_Work order:_ Every line of the data below that holds the string "Gamma" needs to be reported.
^^^^
text \<open>A model is given by a topology tau, a valuation V, and a partial function theta
  whose domain is Dom and whose value at x is theta x :: 'a \<Rightarrow> 'w set.
  Semantics is only meaningful for x \<in> Dom.\<close>
primrec sat :: "'w topology \<Rightarrow> ('p \<Rightarrow> 'w set) \<Rightarrow> 'w set \<Rightarrow> ('w \<Rightarrow> 'a \<Rightarrow> 'w set)
                 \<Rightarrow> ('p,'a) fm \<Rightarrow> 'w \<Rightarrow> bool" where
  "sat \<tau> V Dom \<theta> (Atom p) x = (x \<in> V p)"
| "sat \<tau> V Dom \<theta> (Neg \<phi>) x = (\<not> sat \<tau> V Dom \<theta> \<phi> x)"
| "sat \<tau> V Dom \<theta> (Conj \<phi> \<psi>) x = (sat \<tau> V Dom \<theta> \<phi> x \<and> sat \<tau> V Dom \<theta> \<psi> x)"
| "sat \<tau> V Dom \<theta> (K i \<phi>) x = (\<forall>y \<in> \<theta> x i. sat \<tau> V Dom \<theta> \<phi> y)"
| "sat \<tau> V Dom \<theta> (IntOp \<phi>) x = (x \<in> \<tau> interior_of {y \<in> Dom. sat \<tau> V Dom \<theta> \<phi> y})"

definition Xc :: "('p,'a) fm set set" where
  "Xc = {x. maximal_consistent x}"

definition eqclass :: "('p,'a) fm set \<Rightarrow> 'a \<Rightarrow> ('p,'a) fm set set" where
  "eqclass x i = {y \<in> Xc. \<forall>\<phi>. K i \<phi> \<in> x \<longleftrightarrow> K i \<phi> \<in> y}"

definition hat :: "('p,'a) fm \<Rightarrow> ('p,'a) fm set set" where
  "hat \<phi> = {y \<in> Xc. \<phi> \<in> y}"

definition tau_c :: "('p,'a) fm set topology" where
  "tau_c = topology_generated_by {eqclass x i \<inter> hat (IntOp \<phi>) | x i \<phi>. x \<in> Xc}"

definition Vc :: "'p \<Rightarrow> ('p,'a) fm set set" where
  "Vc p = {x \<in> Xc. Atom p \<in> x}"

definition theta_star :: "('p,'a) fm set \<Rightarrow> 'a \<Rightarrow> ('p,'a) fm set set" where
  "theta_star x i = eqclass x i"

text \<open>theta restricted to an open U (the elements of Phi^c); theta_star itself has domain Xc.\<close>
definition theta_restr :: "('p,'a) fm set set \<Rightarrow> ('p,'a) fm set \<Rightarrow> 'a \<Rightarrow> ('p,'a) fm set set" where
  "theta_restr U x i = eqclass x i \<inter> U"

end

theory Submission
  imports Defs
begin

text \<open>Both \<open>K\<^sub>i\<close> and \<open>int\<close> are normal modalities, and for a normal modality
  \<open>M\<close> the existence lemma holds relative to any set of formulas that are positively introspective
  for \<open>M\<close>. The \<open>K\<^sub>i\<close>-literals of \<open>x\<close> are introspective for \<open>K\<^sub>i\<close> (axioms 4 and 5) and hence for
  \<open>int\<close> (by \<open>K\<^sub>i\<psi> \<rightarrow> int \<psi>\<close>), and every \<open>int \<psi>\<close> is introspective for \<open>int\<close> (axiom 4). An MCS
  containing the \<open>K\<^sub>i\<close>-literals of \<open>x\<close> lies in \<open>[x]\<^sub>i\<close>, and every open set around \<open>x\<close> contains an
  intersection of sets \<open>[x]\<^sub>i \<inter> hat (int \<psi>)\<close> with \<open>int \<psi> \<in> x\<close>; so if \<open>int \<phi> \<notin> x\<close>, the existence
  lemma yields a point of such a neighbourhood outside \<open>hat \<phi>\<close>.\<close>

lemma peval_Imp [simp]: "peval v (Imp a b) = (peval v a \<longrightarrow> peval v b)"
  by (simp add: Imp_def)

lemma peval_Top [simp]: "peval v Top"
  by (simp add: Top_def)

lemma peval_conjs [simp]: "peval v (conjs L) = (\<forall>a\<in>set L. peval v a)"
  by (induct L) auto

lemma derivable_tautology_MP1:
  "tautology (Imp a b) \<Longrightarrow> derivable a \<Longrightarrow> derivable b"
  by (meson derivable.MP derivable.Taut)

lemma derivable_tautology_MP2:
  "tautology (Imp a1 (Imp a2 b)) \<Longrightarrow> derivable a1 \<Longrightarrow> derivable a2 \<Longrightarrow> derivable b"
  by (meson derivable.MP derivable.Taut)

lemma derivable_tautology_MP3:
  "tautology (Imp a1 (Imp a2 (Imp a3 b))) \<Longrightarrow> derivable a1 \<Longrightarrow> derivable a2 \<Longrightarrow> derivable a3
    \<Longrightarrow> derivable b"
  by (meson derivable.MP derivable.Taut)

subsection \<open>Maximal consistent sets\<close>

lemma inconsistent_insert_derives_Neg:
  assumes "\<not> consistent (insert \<phi> \<Gamma>)"
  obtains L where "set L \<subseteq> \<Gamma>" "derivable (Imp (conjs L) (Neg \<phi>))"
proof -
  from assms obtain L where L: "set L \<subseteq> insert \<phi> \<Gamma>" "derivable (Neg (conjs L))"
    by (auto simp: consistent_def)
  let ?L' = "filter (\<lambda>\<psi>. \<psi> \<noteq> \<phi>) L"
  have "derivable (Imp (conjs ?L') (Neg \<phi>))"
    by (rule derivable_tautology_MP1[OF _ L(2)]) (auto simp: tautology_def)
  moreover have "set ?L' \<subseteq> \<Gamma>"
    using L(1) by auto
  ultimately show thesis
    using that by blast
qed

lemma mcs_not_derivable_Neg_conjs:
  "maximal_consistent x \<Longrightarrow> set L \<subseteq> x \<Longrightarrow> \<not> derivable (Neg (conjs L))"
  unfolding maximal_consistent_def consistent_def by blast

lemma mcs_derivable_closed:
  assumes "maximal_consistent x" "set L \<subseteq> x" "derivable (Imp (conjs L) \<psi>)"
  shows "\<psi> \<in> x"
proof (rule ccontr)
  assume "\<psi> \<notin> x"
  with assms(1) have "\<not> consistent (insert \<psi> x)"
    by (simp add: maximal_consistent_def)
  then obtain L' where L': "set L' \<subseteq> x" "derivable (Imp (conjs L') (Neg \<psi>))"
    by (rule inconsistent_insert_derives_Neg)
  have "derivable (Neg (conjs (L @ L')))"
    by (rule derivable_tautology_MP2[OF _ assms(3) L'(2)]) (auto simp: tautology_def)
  moreover have "set (L @ L') \<subseteq> x"
    using assms(2) L'(1) by auto
  ultimately show False
    using assms(1) mcs_not_derivable_Neg_conjs by blast
qed

lemma mcs_tautology_closed:
  "maximal_consistent x \<Longrightarrow> set L \<subseteq> x \<Longrightarrow> tautology (Imp (conjs L) \<psi>) \<Longrightarrow> \<psi> \<in> x"
  by (blast intro: mcs_derivable_closed derivable.Taut)

lemma mcs_MP:
  assumes "maximal_consistent x" "derivable (Imp a b)" "a \<in> x"
  shows "b \<in> x"
proof (rule mcs_derivable_closed[OF assms(1), of "[a]"])
  show "derivable (Imp (conjs [a]) b)"
    by (rule derivable_tautology_MP1[OF _ assms(2)]) (auto simp: tautology_def)
qed (use assms(3) in simp)

lemma mcs_Neg:
  assumes "maximal_consistent x"
  shows "Neg \<phi> \<in> x \<longleftrightarrow> \<phi> \<notin> x"
proof
  assume "Neg \<phi> \<in> x"
  show "\<phi> \<notin> x"
  proof
    assume "\<phi> \<in> x"
    with \<open>Neg \<phi> \<in> x\<close> have "set [\<phi>, Neg \<phi>] \<subseteq> x"
      by simp
    moreover have "derivable (Neg (conjs [\<phi>, Neg \<phi>]))"
      by (rule derivable.Taut) (simp add: tautology_def)
    ultimately show False
      using assms mcs_not_derivable_Neg_conjs by blast
  qed
next
  assume "\<phi> \<notin> x"
  with assms have "\<not> consistent (insert \<phi> x)"
    by (simp add: maximal_consistent_def)
  then obtain L where "set L \<subseteq> x" "derivable (Imp (conjs L) (Neg \<phi>))"
    by (rule inconsistent_insert_derives_Neg)
  then show "Neg \<phi> \<in> x"
    by (rule mcs_derivable_closed[OF assms])
qed

lemma mcs_Conj:
  assumes "maximal_consistent x"
  shows "Conj a b \<in> x \<longleftrightarrow> a \<in> x \<and> b \<in> x"
proof
  assume "Conj a b \<in> x"
  then have L: "set [Conj a b] \<subseteq> x"
    by simp
  have "a \<in> x" "b \<in> x"
    by (rule mcs_tautology_closed[OF assms L], simp add: tautology_def)+
  then show "a \<in> x \<and> b \<in> x" ..
next
  assume "a \<in> x \<and> b \<in> x"
  then have L: "set [a, b] \<subseteq> x"
    by simp
  show "Conj a b \<in> x"
    by (rule mcs_tautology_closed[OF assms L]) (simp add: tautology_def)
qed
lemma ceil_supp_eq_self: "finite A \<Longrightarrow> odd_run_starts A = {} \<Longrightarrow> ceil_supp A = A"
  by (simp add: ceil_supp_eq)

lemma floor_supp_new:
  "finite A \<Longrightarrow> x \<in> floor_supp A \<Longrightarrow> x \<notin> A \<Longrightarrow> Suc x \<in> odd_run_starts A"
  by (auto simp: floor_supp_eq odd_run_starts_def run_starts_def)

lemma ceil_supp_new:
  "finite A \<Longrightarrow> x \<in> ceil_supp A \<Longrightarrow> x \<notin> A \<Longrightarrow> \<exists>p\<in>odd_run_starts A. x = p + run_length A p"
  by (auto simp: ceil_supp_eq)

lemma ceil_supp_new_pred_mem:
  assumes "finite A" and "x \<in> ceil_supp A" and "x \<notin> A"
  shows "x - 1 \<in> A"
proof -
  obtain p where p: "p \<in> odd_run_starts A" "x = p + run_length A p"
    using ceil_supp_new assms by blast
  then have "0 < run_length A p"
    using run_length_pos[OF assms(1)] odd_run_starts_subset by blast
  then show ?thesis
    using run_length_less_mem[of "run_length A p - 1" A p] p(2) by simp
qed

lemma odd_run_length_floor_supp:
  assumes "finite A" and "q \<in> floor_supp A"
  shows "odd (run_length (floor_supp A) q) \<longleftrightarrow> q \<in> A \<and> odd (run_length A q)"
  using assms(2)
proof (induction "run_length (floor_supp A) q" arbitrary: q rule: less_induct)
  case less
  let ?B = "floor_supp A"
  have RB: "run_length ?B q = Suc (run_length ?B (Suc q))"
    using run_length_Suc[OF finite_floor_supp[OF assms(1)] less.prems] .
  have RA: "q \<in> A \<Longrightarrow> run_length A q = Suc (run_length A (Suc q))"
    using run_length_Suc[OF assms(1)] by blast
  show ?case
  proof (cases "Suc q \<in> ?B")
    case True
    then have IH: "odd (run_length ?B (Suc q)) \<longleftrightarrow> Suc q \<in> A \<and> odd (run_length A (Suc q))"
      using less.hyps[of "Suc q"] RB by simp
    consider "q \<in> A" "Suc q \<in> A" | "q \<in> A" "Suc q \<notin> A" | "q \<notin> A"
      by blast
    then show ?thesis
    proof cases
      case 3
      then have "Suc q \<in> odd_run_starts A"
        using floor_supp_new[OF assms(1) less.prems] by blast
      then show ?thesis
        using IH RB 3 by (simp add: odd_run_starts_def run_starts_def)
    next
      case 1
      then show ?thesis
        using IH RA RB by simp
    next
      case 2
      then show ?thesis
        using IH RA RB run_length_eq_0 by simp
    qed
  next
    case False
    have "q \<in> A"
      using floor_supp_new[OF assms(1) less.prems] False odd_run_starts_subset subset_floor_supp
      by blast
    moreover have "Suc q \<notin> A"
      using False subset_floor_supp by blast
    ultimately show ?thesis
      using False RA RB run_length_eq_0[of "Suc q"] by simp
  qed
qed

lemma odd_run_starts_floor_supp:
  assumes "finite A"
  shows "odd_run_starts (floor_supp A) = {}"
proof (rule ccontr)
  assume "odd_run_starts (floor_supp A) \<noteq> {}"
  then obtain q where q: "q \<in> floor_supp A" "0 < q" "q - 1 \<notin> floor_supp A"
    "odd (run_length (floor_supp A) q)"
    by (auto simp: odd_run_starts_def run_starts_def)
  then have "q \<in> odd_run_starts A"
    using odd_run_length_floor_supp[OF assms q(1)] subset_floor_supp
    by (auto simp: odd_run_starts_def run_starts_def)
  then show False
    using q(3) by (simp add: floor_supp_eq[OF assms])
qed

text \<open>An even run of \<open>A\<close> stays a run of \<open>ceil_supp A\<close>; an odd one gains the cell after its end,
  which may join it to the next run of \<open>A\<close>, whose length is even by induction.\<close>
lemma even_run_length_ceil_supp:
  assumes "finite A" and "q \<in> run_starts A"
  shows "even (run_length (ceil_supp A) q)"
  using assms(2)
proof (induction "run_length (ceil_supp A) q" arbitrary: q rule: less_induct)
  case less
  let ?C = "ceil_supp A"
  have fC: "finite ?C"
    using finite_ceil_supp[OF assms(1)] .
  define k where "k = run_length A q"
  have k: "0 < k" "q + k \<notin> A"
    using run_length_pos[OF assms(1)] run_length_notin[OF assms(1)] less.prems
    by (auto simp: k_def run_starts_def)
  have RC: "run_length ?C q = k + run_length ?C (q + k)"
    using run_length_add[OF fC] run_length_less_mem subset_ceil_supp
    unfolding k_def by blast
  show ?case
  proof (cases "even k")
    case True
    have "q + k \<notin> ?C"
    proof
      assume "q + k \<in> ?C"
      then obtain p where p: "p \<in> odd_run_starts A" "q + k = p + run_length A p"
        using ceil_supp_new[OF assms(1)] k(2) by blast
      then have "p = q"
        using run_end_inj_on[OF assms(1)] less.prems
        by (auto simp: inj_on_def odd_run_starts_def k_def)
      then show False
        using p(1) True by (simp add: odd_run_starts_def k_def)
    qed
    then show ?thesis
      using RC True run_length_eq_0 by simp
  next
    case False
    then have "q + k \<in> ?C"
      using less.prems by (auto simp: ceil_supp_eq[OF assms(1)] odd_run_starts_def k_def)
    then have RC': "run_length ?C (q + k) = Suc (run_length ?C (Suc (q + k)))"
      using run_length_Suc[OF fC] by blast
    show ?thesis
    proof (cases "Suc (q + k) \<in> ?C")
      case True
      then have "Suc (q + k) \<in> A"
        using ceil_supp_new_pred_mem[OF assms(1)] k(2) by force
      then have "Suc (q + k) \<in> run_starts A"
        using k(2) by (simp add: run_starts_def)
      then have "even (run_length ?C (Suc (q + k)))"
        using less.hyps[of "Suc (q + k)"] RC RC' by simp
      then show ?thesis
        using RC RC' False by simp
    qed (use RC RC' False run_length_eq_0 in simp)
  qed
qed

lemma odd_run_starts_ceil_supp:
  assumes "finite A"
  shows "odd_run_starts (ceil_supp A) = {}"
proof (rule ccontr)
  assume "odd_run_starts (ceil_supp A) \<noteq> {}"
  then obtain q where q: "q \<in> ceil_supp A" "0 < q" "q - 1 \<notin> ceil_supp A"
    "odd (run_length (ceil_supp A) q)"
    by (auto simp: odd_run_starts_def run_starts_def)
  then have "q \<in> A"
    using ceil_supp_new_pred_mem[OF assms] subset_ceil_supp by blast
  then have "q \<in> run_starts A"
    using q subset_ceil_supp by (auto simp: run_starts_def)
  then show False
    using even_run_length_ceil_supp[OF assms] q(4) by blast
qed

lemma card_floor_supp:
  assumes "finite A"
  shows "card (floor_supp A) = card A + card (odd_run_starts A)"
proof -
  have fin: "finite (odd_run_starts A)"
    using assms odd_run_starts_subset finite_subset by blast
  have "inj_on (\<lambda>p. p - 1) (odd_run_starts A)"
    by (auto simp: inj_on_def odd_run_starts_def run_starts_def)
  moreover have "A \<inter> (\<lambda>p. p - 1) ` odd_run_starts A = {}"
    by (auto simp: odd_run_starts_def run_starts_def)
  ultimately show ?thesis
    using assms fin by (simp add: floor_supp_eq card_Un_disjoint card_image)
qed

lemma card_ceil_supp:
  assumes "finite A"
  shows "card (ceil_supp A) = card A + card (odd_run_starts A)"
proof -
  have fin: "finite (odd_run_starts A)"
    using assms odd_run_starts_subset finite_subset by blast
  have "inj_on (\<lambda>p. p + run_length A p) (odd_run_starts A)"
    using run_end_inj_on[OF assms] by (rule inj_on_subset) (auto simp: odd_run_starts_def)
  moreover have "A \<inter> (\<lambda>p. p + run_length A p) ` odd_run_starts A = {}"
    using run_length_notin[OF assms] by blast
  ultimately show ?thesis
    using assms fin by (simp add: ceil_supp_eq card_Un_disjoint card_image)
qed

section \<open>Sign changes\<close>

definition sign_changes :: "sseq \<Rightarrow> (nat \<times> nat) set" where
  "sign_changes t = {(p, n). t p = Pos \<and> t n = Neg \<and>
     (\<forall>k. p < k \<and> k < n \<or> n < k \<and> k < p \<longrightarrow> t k = Zero)}"

lemma SC_eq_card_sign_changes: "SC t = card (sign_changes t)"
proof -
  let ?ends = "\<lambda>(p, n). (min p n, max p n)"
  have inj: "inj_on ?ends (sign_changes t)"
  proof (rule inj_on_inverseI)
    fix c assume "c \<in> sign_changes t"
    then obtain p n where "c = (p, n)" "t p = Pos" "t n = Neg"
      by (auto simp: sign_changes_def)
    then show "(\<lambda>(i, j). if t i = Pos then (i, j) else (j, i)) (?ends c) = c"
      by (cases "p < n") auto
  qed
  have ends_image: "?ends ` sign_changes t = {(i, j). i < j \<and> {t i, t j} = {Neg, Pos} \<and>
      (\<forall>k. i < k \<and> k < j \<longrightarrow> t k = Zero)}" (is "_ = ?Ch")
  proof (intro equalityI subsetI)
    fix c assume "c \<in> ?ends ` sign_changes t"
    then obtain p n where pn: "(p, n) \<in> sign_changes t" "c = (min p n, max p n)"
      by auto
    then have "p \<noteq> n"
      by (auto simp: sign_changes_def)
    then show "c \<in> ?Ch"
      using pn by (cases "p < n") (auto simp: sign_changes_def insert_commute)
  next
    fix c assume "c \<in> ?Ch"
    then obtain i j where c: "c = (i, j)" "i < j" "{t i, t j} = {Neg, Pos}"
      "\<forall>k. i < k \<and> k < j \<longrightarrow> t k = Zero"
      by blast
    then consider "(i, j) \<in> sign_changes t" | "(j, i) \<in> sign_changes t"
      by (auto simp: sign_changes_def doubleton_eq_iff)
    then show "c \<in> ?ends ` sign_changes t"
    proof cases
      case 1
      then show ?thesis
        using c(1,2) by (intro image_eqI[of _ _ "(i, j)"]) auto
    next
      case 2
      then show ?thesis
        using c(1,2) by (intro image_eqI[of _ _ "(j, i)"]) auto
    qed
  qed
  show ?thesis
    unfolding SC_def ends_image[symmetric] card_image[OF inj] ..
qed

lemma sign_changes_unique:
  assumes "(p, n) \<in> sign_changes t" and "(p, n') \<in> sign_changes t" and "p < n \<longleftrightarrow> p < n'"
  shows "n = n'"
proof -
  have "p \<noteq> n" "p \<noteq> n'"
    using assms(1,2) by (auto simp: sign_changes_def)
  then show ?thesis
    using assms by (cases n n' rule: linorder_cases) (auto simp: sign_changes_def)
qed

lemma sign_changes_no_Pos:
  "(p, n) \<in> sign_changes t \<Longrightarrow> p < q \<and> q \<le> n \<or> n \<le> q \<and> q < p \<Longrightarrow> t q \<noteq> Pos"
  unfolding sign_changes_def by (cases "q = n") auto

text \<open>If \<open>odd_run_starts B = {}\<close>, every run of \<open>B\<close> not containing \<open>0\<close> has even length and is
  tiled, from its right end, by dominoes \<open>{x, Suc x}\<close>; \<open>partner B\<close> swaps the two cells of each
  domino and fixes \<open>0\<close> when the run containing \<open>0\<close> is odd.\<close>
definition partner :: "nat set \<Rightarrow> nat \<Rightarrow> nat" where
  "partner B x = (if even (run_length B x) then Suc x else x - 1)"

lemma pred_mem_if_odd_run_length:
  assumes "odd_run_starts B = {}" and "x \<in> B" and "0 < x" and "odd (run_length B x)"
  shows "x - 1 \<in> B"
  using assms by (auto simp: odd_run_starts_def run_starts_def)

lemma Suc_mem_if_even_run_length:
  assumes "finite B" and "x \<in> B" and "even (run_length B x)"
  shows "Suc x \<in> B \<and> odd (run_length B (Suc x))"
proof -
  have "odd (run_length B (Suc x))"
    using run_length_Suc[OF assms(1,2)] assms(3) by simp
  moreover from this have "Suc x \<in> B"
    using run_length_eq_0 by fastforce
  ultimately show ?thesis
    by blast
qed

lemma partner_mem:
  assumes "finite B" and "odd_run_starts B = {}" and "x \<in> B"
  shows "partner B x \<in> B"
  using Suc_mem_if_even_run_length[OF assms(1,3)] pred_mem_if_odd_run_length[OF assms(2,3)] assms(3)
  by (cases "x = 0") (auto simp: partner_def)

lemma partner_partner:
  assumes "finite B" and "odd_run_starts B = {}" and "x \<in> B"
  shows "partner B (partner B x) = x"
proof (cases "even (run_length B x)")
  case True
  then show ?thesis
    using Suc_mem_if_even_run_length[OF assms(1,3)] by (simp add: partner_def)
next
  case odd: False
  show ?thesis
  proof (cases "x = 0")
    case False
    then have "x - 1 \<in> B"
      using pred_mem_if_odd_run_length[OF assms(2,3)] odd by blast
    then have "run_length B (x - 1) = Suc (run_length B x)"
      using run_length_Suc[OF assms(1)] False by fastforce
    then show ?thesis
      using odd False by (simp add: partner_def)
  qed (use odd in \<open>simp add: partner_def\<close>)
qed

lemma sign_change_towards_partner_not_Pos:
  assumes c: "(p, n) \<in> sign_changes t" and "p < n \<longleftrightarrow> p < partner B p"
  shows "t (partner B p) \<noteq> Pos"
proof -
  have "p \<noteq> n"
    using c by (auto simp: sign_changes_def)
  then have "p < partner B p \<and> partner B p \<le> n \<or> n \<le> partner B p \<and> partner B p < p"
    using assms(2) by (auto simp: partner_def)
  then show ?thesis
    using sign_changes_no_Pos[OF c] by blast
qed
^^^^
_Solution to this task:_
  assumes "\<not> consistent (insert \<phi> \<Gamma>)"
  obtains L where "set L \<subseteq> \<Gamma>" "derivable (Imp (conjs L) (Neg \<phi>))"
  from assms obtain L where L: "set L \<subseteq> insert \<phi> \<Gamma>" "derivable (Neg (conjs L))"
  moreover have "set ?L' \<subseteq> \<Gamma>"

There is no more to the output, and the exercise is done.